In case you don’t know, 62% of all bankruptcy’s are due to medical bills. 55% of cancer patients accrue at least $10,000 in debt. On top of all that, here come the businesses like Sephora who realize they can make $ from the pain and discomfort these people are suffering. I can only imagine what the marketing pitch looks like. A conference room filled with thinkers, brainstorming how to increase their profit margins, draw in more customers. One of the people in the room knows the relative of a friend who has cancer and heard that cancer patients have specific, unaddressed cosmetology and skin care needs and gee……people seem to really like companies that help cancer patients, so let’s start a program. We’ll be helping cancer patients, garnering good will and marketing, and boosting profits.
And of course, cancer patients can choose not to participate. Women can decide that it isn’t worth more of their families money just so she can look better. Before I was diagnosed, had somebody presented me with this scenario I’d say “I wouldn’t go there. Just don’t go, no problem. Women have free choice and if they can’t afford it they shouldn’t go; that’s not the companies problem”. That is what I would have said and believed – it is not the companies responsibility.

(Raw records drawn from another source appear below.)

(* Let $d\ge 1$, $B>0$, $\alpha>0$, $D>0$, and let $\mathcal{X}\subseteq\mathbb{R}^d$ satisfy $\mathcal{X}\supseteq\{x\in\mathbb{R}^d:\|x\|_\infty\le D\}$. If there exists a pair $(f,O)\in\mathcal{O}_{\mathtt{sc}}$ on $\mathcal{X}$ (with parameters $B,\alpha$), then \[ \frac{B}{\alpha}\ \ge\ \frac{D\,d^{1/2}}{4}. \]
   Context: An oracle $O$ for a function $f:\mathcal{X}\to\mathbb{R}$ returns, on query $x\in\mathcal{X}$, a random vector $\hat g(x)\in\mathbb{R}^d$. The class $\mathcal{O}_{\mathtt{sc}}$ consists of all pairs $(f,O)$ such that: $f$ is convex on $\mathcal{X}$; $f$ is $\alpha$-strongly convex on $\mathcal{X}$, i.e. $x\mapsto f(x)-\frac{\alpha}{2}\|x\|_2^2$ is convex on $\mathcal{X}$; $\mathbb{E}[\hat g(x)\mid x]\in\partial f(x)$ for all $x\in\mathcal{X}$ (where $\partial f(x)$ is the subgradient set); and $\Pr(\|\hat g(x)\|_2^2\le B^2\mid x)=1$ for all $x\in\mathcal{X}$. *)

theory Defs
  imports "HOL-Analysis.Analysis" "HOL-Probability.Probability"
begin

definition subdifferential :: "('a::real_inner) set \<Rightarrow> ('a \<Rightarrow> real) \<Rightarrow> 'a \<Rightarrow> 'a set" where
  "subdifferential X f x = {g. \<forall>y\<in>X. f y \<ge> f x + inner g (y - x)}"

text \<open>An oracle maps each query x to the distribution (a probability measure on
  the Borel sets of R^d) of the random vector g(x).  The class O_sc with
  parameters B and alpha on the domain X.\<close>
definition O_sc :: "real \<Rightarrow> real \<Rightarrow> ('a::euclidean_space) set \<Rightarrow> ('a \<Rightarrow> real) \<Rightarrow> ('a \<Rightarrow> 'a measure) \<Rightarrow> bool" where
  "O_sc B \<alpha> X f Orc \<longleftrightarrow>
     convex_on X f \<and>
     convex_on X (\<lambda>x. f x - \<alpha> / 2 * (norm x)\<^sup>2) \<and>
     (\<forall>x\<in>X. prob_space (Orc x) \<and> sets (Orc x) = sets borel \<and>
        integrable (Orc x) (\<lambda>v. v) \<and>
        (\<integral>v. v \<partial>(Orc x)) \<in> subdifferential X f x \<and>
        (AE v in Orc x. (norm v)\<^sup>2 \<le> B\<^sup>2))"

end

theory Submission
  imports Defs
begin

text \<open>Subgradients at \<open>x\<close> and \<open>-x\<close> bound the value of \<open>f\<close> at the midpoint \<open>0\<close> from below
  by \<open>(f x + f (-x))/2 - B \<parallel>x\<parallel>\<close>, while \<open>\<alpha>\<close>-strong convexity bounds it from above by
  \<open>(f x + f (-x))/2 - \<alpha>/2 \<parallel>x\<parallel>\<^sup>2\<close>.  Hence \<open>\<alpha> \<parallel>x\<parallel> \<le> 2B\<close>, and the cube of half-width \<open>D\<close>
  contains a corner \<open>x\<close> of norm \<open>D \<surd>d\<close>.\<close>

lemma norm_expectation_le:
  fixes M :: "('a::euclidean_space) measure"
  assumes "prob_space M" "integrable M (\<lambda>v. v)" "AE v in M. (norm v)\<^sup>2 \<le> B\<^sup>2" "0 \<le> B"
  shows "norm (\<integral>v. v \<partial>M) \<le> B"
proof -
  interpret prob_space M by fact
  have bound: "AE v in M. norm v \<le> B"
    using assms(3) by eventually_elim (use assms(4) in \<open>simp add: abs_le_square_iff[symmetric]\<close>)
  have "norm (\<integral>v. v \<partial>M) \<le> (\<integral>v. norm v \<partial>M)" by (rule integral_norm_bound)
  also have "\<dots> \<le> (\<integral>v. B \<partial>M)"
    by (rule integral_mono_AE) (use assms(2) bound in auto)
  also have "\<dots> = B" by (simp add: prob_space)
  finally show ?thesis .
qed

lemma O_sc_bounded_subgradient:
  assumes "O_sc B \<alpha> X f Orc" "x \<in> X" "0 \<le> B"
  obtains g where "g \<in> subdifferential X f x" "norm g \<le> B"
  using assms norm_expectation_le unfolding O_sc_def by blast

lemma strongly_convex_on_midpoint:
  fixes f :: "'a::real_inner \<Rightarrow> real"
  assumes "convex_on X (\<lambda>x. f x - \<alpha> / 2 * (norm x)\<^sup>2)" "x \<in> X" "y \<in> X"
  shows "f (midpoint x y) \<le> (f x + f y) / 2 - \<alpha> / 8 * (dist x y)\<^sup>2"
proof -
  have "f (midpoint x y) - \<alpha> / 2 * (norm (midpoint x y))\<^sup>2
      \<le> (f x - \<alpha> / 2 * (norm x)\<^sup>2) / 2 + (f y - \<alpha> / 2 * (norm y)\<^sup>2) / 2"
    using convex_onD[OF assms(1), of "1/2" x y] assms(2,3)
    by (simp add: midpoint_def scaleR_add_right)
  moreover have "(norm (midpoint x y))\<^sup>2 = (norm x)\<^sup>2 / 2 + (norm y)\<^sup>2 / 2 - (dist x y)\<^sup>2 / 4"
    by (simp add: midpoint_def dist_norm power2_norm_eq_inner inner_add_left inner_add_right
        inner_diff_left inner_diff_right inner_commute field_simps)
  ultimately show ?thesis by (simp add: field_simps)
qed

lemma strongly_convex_bounded_subgradients_dist_le:
  fixes f :: "'a::real_inner \<Rightarrow> real"
  assumes "convex_on X (\<lambda>x. f x - \<alpha> / 2 * (norm x)\<^sup>2)"
    and "x \<in> X" "y \<in> X" "midpoint x y \<in> X"
    and "g \<in> subdifferential X f x" "norm g \<le> B"
    and "h \<in> subdifferential X f y" "norm h \<le> B"
  shows "\<alpha> * dist x y \<le> 4 * B"
proof -
  let ?m = "midpoint x y"
  have subgradient: "f ?m \<ge> f x + inner g (?m - x)" "f ?m \<ge> f y + inner h (?m - y)"
    using assms(4,5,7) unfolding subdifferential_def by blast+
  have lower: "inner u v \<ge> - B * norm v" if "norm u \<le> B" for u v :: 'a
  proof -
    have "\<bar>inner u v\<bar> \<le> B * norm v"
      by (meson Cauchy_Schwarz_ineq2 mult_right_mono norm_ge_zero order_trans that)
    then show ?thesis by linarith
  qed
  have half_dist: "norm (?m - x) = dist x y / 2" "norm (?m - y) = dist x y / 2"
    using dist_midpoint(3,4)[of x y] by (simp_all add: dist_norm)
  have "inner g (?m - x) \<ge> - (B / 2 * dist x y)" "inner h (?m - y) \<ge> - (B / 2 * dist x y)"
    using lower[OF assms(6), of "?m - x"] lower[OF assms(8), of "?m - y"] unfolding half_dist
    by simp_all
  with subgradient have "(f x + f y) / 2 - f ?m \<le> B / 2 * dist x y"
    by (simp add: field_simps)
  moreover have "\<alpha> / 8 * (dist x y)\<^sup>2 \<le> (f x + f y) / 2 - f ?m"
    using strongly_convex_on_midpoint[OF assms(1-3)] by linarith
  ultimately have "\<alpha> / 8 * (dist x y)\<^sup>2 \<le> B / 2 * dist x y"
    by linarith
  then have "\<alpha> * dist x y * dist x y \<le> 4 * B * dist x y"
    by (simp add: power2_eq_square algebra_simps)
  moreover have "0 \<le> B" using assms(6) norm_ge_zero order_trans by blast
  ultimately show ?thesis
    by (cases "dist x y = 0") (auto simp: mult_le_cancel_right)
qed

lemma norm_constant_vec: "norm (\<chi> i. c :: real ^ 'n) = \<bar>c\<bar> * sqrt (real CARD('n))"
proof -
  have "inner (\<chi> i. c :: real ^ 'n) (\<chi> i. c) = real CARD('n) * c\<^sup>2"
    by (simp add: inner_vec_def power2_eq_square)
  then show ?thesis by (simp add: norm_eq_sqrt_inner real_sqrt_mult mult.commute)
qed

theorem lemma1:
  fixes B \<alpha> D :: real and X :: "(real ^ 'n) set"
    and f :: "real ^ 'n \<Rightarrow> real" and Orc :: "real ^ 'n \<Rightarrow> (real ^ 'n) measure"
  assumes "B > 0" and "\<alpha> > 0" and "D > 0"
    and "{x. \<forall>i. \<bar>x $ i\<bar> \<le> D} \<subseteq> X"
    and "O_sc B \<alpha> X f Orc"
  shows "B / \<alpha> \<ge> D * sqrt (real CARD('n)) / 4"
proof -
  define x :: "real ^ 'n" where "x = (\<chi> i. D)"
  have corners: "x \<in> X" "-x \<in> X" "midpoint x (-x) \<in> X"
    using assms(3,4) by (auto simp: x_def midpoint_def)
  obtain g h where "g \<in> subdifferential X f x" "norm g \<le> B"
    and "h \<in> subdifferential X f (-x)" "norm h \<le> B"
    using O_sc_bounded_subgradient[OF assms(5)] corners(1,2) assms(1) by (metis less_le)
  moreover have "convex_on X (\<lambda>x. f x - \<alpha> / 2 * (norm x)\<^sup>2)"
    using assms(5) unfolding O_sc_def by blast
  ultimately have "\<alpha> * dist x (-x) \<le> 4 * B"
    using strongly_convex_bounded_subgradients_dist_le corners by blast
  moreover have "dist x (-x) = 2 * D * sqrt (real CARD('n))"
    using assms(3) by (simp add: dist_norm x_def norm_constant_vec flip: scaleR_2)
  ultimately show ?thesis
    using assms(1-3) by (simp add: field_simps)
qed

end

Then I was diagnosed. Then, I became the before and after versions of myself. Then I became two people, the dominate one being the one who went out into the world and went about life with her new reality – a person with cancer. She was the one who decided whether or not to go to back to school night, or her sons baseball game, or her high school seniors recognition night at the football game. Had she not had access to Look Good, Feel Better, she would have gone to a business and shelled out more money so that she could walk through her life without a glaring reminder to all that she was probably dying. Her looking okay was more important to all of them than a family vacation, or new shoes.
In the end the choice is up to all of us. You can choose to support Sephora, to say “hey, they are keeping their business afloat; they have share holders to keep happy”. There is nothing I can do about people who make this choice.
My hope is that if you agree with me, if you think it is irresponsible and vile for companies to boost themselves on the backs of cancer patients, you will Speak Up. Post about it on social media. Write to the company and express your disgust. Tell your friends and family to boycott the business. Take a Stand.
After all, you never know – you might be the next one called to the island to run for your life.